ST JAMES STREET PREMISES
M‘NEIL STREET PREMISES (1886–1890)
M‘NEIL STREET PREMISES (1890–1894)
CHAPTER III.
THE FIRST YEAR.
GLASGOW IN THE ’SIXTIES—THE SOCIETY FORMED—MEN WHO WROUGHT—THE FIRST BAKERY—STARTING BUSINESS—A DISASTER AVOIDED—BETTER PROSPECTS—A MANAGER APPOINTED—LARGER PREMISES WANTED—SOMETHING ATTEMPTED, SOMETHING DONE.
In the ’sixties of last century Glasgow was not a pleasant place for working men to live in. The city was contained in the four parishes of Barony, City, Govan, and Gorbals; only a small proportion of its population being resident in the last-named parish, however. The conditions of life for the workers were not good. Houses were small and inconvenient, disease was rampant, and poverty the common lot. There were 87,604 inhabited houses in the city in the year 1864, and of these 35,788 were rented at £5 per annum, or under; the average rental being £3, 7s. 3d. Other 35,393 houses had rentals of between £5 and £10, the average rental being £6, 17s. 3d., and the average rental of these 71,181 houses, forming 81·75 per cent. of the total housing accommodation of the city, was £5, 5s. per annum. Further light is thrown on the housing conditions by the fact that, while the aggregate rental for these 71,181 houses was £373,441, the aggregate rental for the remaining 16,423 houses was £502,687; an average rental per house of £30, 10s. The proportions of these lowly-rented houses were fairly equal in all four parishes, and even when allowance is made for the fact that rents were much lower in those days than they have been in recent years for similar accommodation it is evident that the housing conditions left much to be desired, and that the “homes of the people” must have been veritable hotbeds of disease. In the statistics consulted the proportion of one-apartment houses is not given, but in view of the whole-hearted condemnation of such houses voiced by Dr Russell, Medical Officer of Health for Glasgow, twenty years later, and the large proportion of Glasgow’s citizens who were then living in houses which were kitchen, parlour, bedroom, and washhouse all in one, it is easy to believe that the houses of the earlier period were no better than the low rentals would warrant.

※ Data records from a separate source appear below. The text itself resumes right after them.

(* For integers $t\ge 3$ and $m\ge 2$, let $B^t_m$ be the graph consisting of $m$ copies of the cycle $C_t$ glued together along a single common edge (the copies otherwise disjoint). Then $B^t_m$ is complement critical if and only if $t=3$ or $t=4$.
   Context: All graphs are finite and simple with nonempty vertex set; $\overline{G}$ denotes the complement of $G$. An orthogonal vector representation of a graph $G=(V,E)$ in $\mathbb{R}^d$ is a map $\phi:V\to\mathbb{R}^d$ with $\phi(v)\neq 0$ for all $v$, and for distinct $u,v$: $\langle\phi(u),\phi(v)\rangle=0$ if and only if $uv\notin E$. ${\rm mvr}(G)$ is the smallest $d$ for which such a representation exists. $G$ is complement critical if ${\rm mvr}(H)+{\rm mvr}(\overline{H})<{\rm mvr}(G)+{\rm mvr}(\overline{G})$ for every proper induced subgraph $H$ of $G$ (with nonempty vertex set). *)

theory Defs
  imports Complex_Main
begin

type_synonym 'a graph = "'a set \<times> 'a set set"

definition verts :: "'a graph \<Rightarrow> 'a set" where "verts G = fst G"
definition edges :: "'a graph \<Rightarrow> 'a set set" where "edges G = snd G"

definition simple_graph :: "'a graph \<Rightarrow> bool" where
  "simple_graph G \<longleftrightarrow> finite (verts G) \<and> verts G \<noteq> {} \<and>
     (\<forall>e\<in>edges G. \<exists>u v. u \<in> verts G \<and> v \<in> verts G \<and> u \<noteq> v \<and> e = {u, v})"

definition adj :: "'a graph \<Rightarrow> 'a \<Rightarrow> 'a \<Rightarrow> bool" where
  "adj G u v \<longleftrightarrow> {u, v} \<in> edges G"

definition compl_graph :: "'a graph \<Rightarrow> 'a graph" where
  "compl_graph G = (verts G,
     {{u, v} | u v. u \<in> verts G \<and> v \<in> verts G \<and> u \<noteq> v \<and> {u, v} \<notin> edges G})"

definition induced :: "'a graph \<Rightarrow> 'a set \<Rightarrow> 'a graph" where
  "induced G S = (S, {e \<in> edges G. e \<subseteq> S})"

text \<open>Vectors of R^d are represented as functions nat => real, of which only the
  coordinates 0..d-1 are used.\<close>
definition inner_d :: "nat \<Rightarrow> (nat \<Rightarrow> real) \<Rightarrow> (nat \<Rightarrow> real) \<Rightarrow> real" where
  "inner_d d x y = (\<Sum>i<d. x i * y i)"
theorem theorem1p8:
  assumes A: "\<forall>m\<ge>1. \<forall>\<pi>\<in>Sym m. \<forall>\<tau>\<in>Sym m.
      non_overlapping \<pi> \<and> non_overlapping \<tau> \<and> standard_form \<pi> \<and> standard_form \<tau> \<and>
      c_wilf_equiv \<pi> \<tau> \<longrightarrow> \<pi> ! 0 = \<tau> ! 0 \<and> \<pi> ! (m - 1) = \<tau> ! (m - 1)"
  shows "\<forall>m\<ge>1. \<forall>\<pi>\<in>Sym m. \<forall>\<tau>\<in>Sym m.
      standard_form \<pi> \<and> standard_form \<tau> \<and>
      strongly_c_wilf_equiv \<pi> \<tau> \<longrightarrow> \<pi> ! 0 = \<tau> ! 0 \<and> \<pi> ! (m - 1) = \<tau> ! (m - 1)"
proof (intro allI impI ballI)
  fix m \<pi> \<tau>
  assume "1 \<le> m" and \<pi>: "\<pi> \<in> Sym m" and \<tau>: "\<tau> \<in> Sym m"
    and "standard_form \<pi> \<and> standard_form \<tau> \<and> strongly_c_wilf_equiv \<pi> \<tau>"
  then have sf: "standard_form \<pi>" "standard_form \<tau>" and strong: "strongly_c_wilf_equiv \<pi> \<tau>"
    by simp_all
  have chains: "chain_count \<pi> k = chain_count \<tau> k" for k
    using chain_count_eq_if_strongly_c_wilf_equiv[OF _ _ strong] standard_form_ends(1)[OF \<pi> sf(1)]
      length_Sym[OF \<pi>] length_Sym[OF \<tau>] by simp
  show "\<pi> ! 0 = \<tau> ! 0 \<and> \<pi> ! (m - 1) = \<tau> ! (m - 1)"
  proof (cases "exceptional_ends m (\<pi> ! 0) (\<pi> ! (m - 1)) \<or> exceptional_ends m (\<tau> ! 0) (\<tau> ! (m - 1))")
    case True
    then show ?thesis by (rule ends_eq_if_exceptional[OF \<pi> sf(1) \<tau> sf(2) chains])
  next
    case False
    let ?w\<pi> = "witness m (\<pi> ! 0) (\<pi> ! (m - 1))" and ?w\<tau> = "witness m (\<tau> ! 0) (\<tau> ! (m - 1))"
    have "c_wilf_equiv ?w\<pi> ?w\<tau>" using witnesses_c_wilf_equiv \<pi> \<tau> sf False chains by simp
    moreover note w\<pi> = witness_for_standard_form[OF \<pi> sf(1)] and w\<tau> = witness_for_standard_form[OF \<tau> sf(2)]
    ultimately have "?w\<pi> ! 0 = ?w\<tau> ! 0 \<and> ?w\<pi> ! (m - 1) = ?w\<tau> ! (m - 1)"
      using A \<open>1 \<le> m\<close> False by blast
    then show ?thesis using w\<pi>(4,5) w\<tau>(4,5) False by simp
  qed
qed

end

Further evidence of the correctness of this assumption is found in the vital statistics of the period. In 1864 the deaths of children under five years of age were 46·93 per cent. of the total deaths; in 1862 they had been 48·85 per cent. of the total. In those years the children were dying at the rate of one in every nine of the population, a deathrate nearly equal to that of the British Army during the four years of war. The effects of poverty and bad housing on the health of the population were further evidenced by the number of deaths of children under five from tubercular diseases. In 1863 these were 381; in 1864, 378; while the total deaths from tuberculosis were 1562 and 1763 respectively for the same years. In his report to the Corporation for the year 1864, Mr Watson, Town Chamberlain, points out that there was ample scope in the statistics he had compiled for showing the need for benevolence “in alleviating the character of the dwellings of the very poor,” and he urged the need which existed to provide other and better houses. At the same time he notes that employment generally was good in this year. In 1868, 786 children under five died from consumption, and in 1869 the total infantile deathrate (children under one year) was 48·20 per 1,000. In the Clyde area it was 56·81 per 1,000.